To consolidate a bit, my goals for rustyms was to represent anything that can be written in ProForma, as this is an exhaustive specification for my use cases. So I have never thought about the reasoning for adding user defined amino acids.

Generic traits
If for extensibility besides the standard representation used in mzcore other memory layouts are to be supported with traits I would prefer a trait selection that tries to minimise the number of tasks a single trait has to do. So that would give you something like

• HasMass mass + average weight
• HasPKa
• LinearSequence any linear sequence of elements which have a defined mass, can contain all fragmentation code for peptides, rna, dna, whatever you can dream of that fragments (essentially impl Iterator<Item=impl HasMass>)
• ComplexSequence a more complex sequence like branched / cyclic peptides + could contain glycan branches for glycan fragmentation (essentially a graph type where the element implements HasMass)

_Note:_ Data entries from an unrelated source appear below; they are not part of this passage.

(* Let $n$ be an odd positive integer and let $A=S(n)$. If $\Omega(n)=1$ (i.e. $n$ is an odd prime), then $D_A(n)=3$. If $n$ is squarefree, every prime divisor of $n$ is at least $7$ and $\Omega(n)\geq 2$, then $D_A(n)=\Omega(n)+1$.
   Context: For $n\ge 2$, $\mathbb{Z}_n$ is the ring of integers mod $n$ and $U(n)$ its group of units. For a nonempty $A\subseteq \mathbb{Z}_n\setminus\{0\}$, a sequence $(x_1,\ldots,x_k)$ in $\mathbb{Z}_n$ is an $A$-weighted zero-sum sequence if there exist $a_1,\ldots,a_k\in A$ with $a_1x_1+\cdots+a_kx_k=0$. The $A$-weighted Davenport constant $D_A(n)$ is the least positive integer $k$ such that every sequence of length $k$ in $\mathbb{Z}_n$ has a (nonempty) subsequence which is an $A$-weighted zero-sum sequence. If $n=p_1^{r_1}\cdots p_k^{r_k}$ with distinct primes $p_i$, $\Omega(n)=r_1+\cdots+r_k$. For an odd prime $p$ dividing $n$ and $a\in U(n)$, $\left(\frac{a}{p}\right)$ denotes the Legendre symbol of the image of $a$ in $\mathbb{Z}_p$; for odd $n=p_1^{r_1}\cdots p_k^{r_k}$ the Jacobi symbol is $\left(\frac{a}{n}\right)=\prod_i\left(\frac{a}{p_i}\right)^{r_i}$, and $S(n)$ is the kernel of the homomorphism $U(n)\to\{1,-1\}$, $a\mapsto\left(\frac{a}{n}\right)$. *)

theory Defs
  imports "HOL-Number_Theory.Number_Theory" "HOL-Computational_Algebra.Squarefree"
begin

text \<open>Elements of Z_n are represented by their residues 0..n-1 (type nat).\<close>

definition Omega :: "nat \<Rightarrow> nat" where
  "Omega n = (\<Sum>p\<in>prime_factors n. multiplicity p n)"

definition Jacobi :: "nat \<Rightarrow> nat \<Rightarrow> int" where
  "Jacobi a n = (\<Prod>p\<in>prime_factors n. Legendre (int a) (int p) ^ multiplicity p n)"

definition S_set :: "nat \<Rightarrow> nat set" where
  "S_set n = {a. a < n \<and> coprime a n \<and> Jacobi a n = 1}"

definition weighted_zero_sum :: "nat set \<Rightarrow> nat \<Rightarrow> nat list \<Rightarrow> nat set \<Rightarrow> bool" where
  "weighted_zero_sum A n xs I \<longleftrightarrow>
     (\<exists>a. (\<forall>i\<in>I. a i \<in> A) \<and> (\<Sum>i\<in>I. a i * xs ! i) mod n = 0)"

definition has_weighted_zero_subseq :: "nat set \<Rightarrow> nat \<Rightarrow> nat list \<Rightarrow> bool" where
  "has_weighted_zero_subseq A n xs \<longleftrightarrow>
     (\<exists>I. I \<subseteq> {..<length xs} \<and> I \<noteq> {} \<and> weighted_zero_sum A n xs I)"

definition weighted_davenport :: "nat set \<Rightarrow> nat \<Rightarrow> nat" where
  "weighted_davenport A n = (LEAST k. k > 0 \<and>
     (\<forall>xs. length xs = k \<and> set xs \<subseteq> {..<n} \<longrightarrow> has_weighted_zero_subseq A n xs))"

If extensibility is a primary design goal such a set of composable traits is preferred over a design that has a smaller number of traits but where each trait needs to support so many separate methods that implementing this on your own get pretty much impossible.

Differences
The code for any design that uses traits however will be quite a bit harder to develop because there are many more 'moving parts'. To any casual user both designs (with defined memory layout, and with extensive use of traits) will be identical, they would only use the defined functions on the predefined standard types. The downside of using fixed memory layouts is mainly memory usage, if a Peptide struct always takes 64 bytes for example for features you in your case do not need, but you have a layout which does it in 2 bytes (&[u8]) you could potentially have a higher memory usage then absolutely needed, but I have not seen this as a problem. For performance there should not be a difference between a fully featured struct and a trimmed down one except for the difference in time it takes to copy this number of bytes and as long as we are not talking about simd where specific memory layouts can be very beneficial.

Wrap up
To me the question boils down to: is the proposed extensibility needed? My answer would be no, as long as the provided implementation works for any peptide that is valid in ProForma. But I would say if extensibility is deemed to be necessary, then go all in and make it as generic as possible (and reflect this in the used names).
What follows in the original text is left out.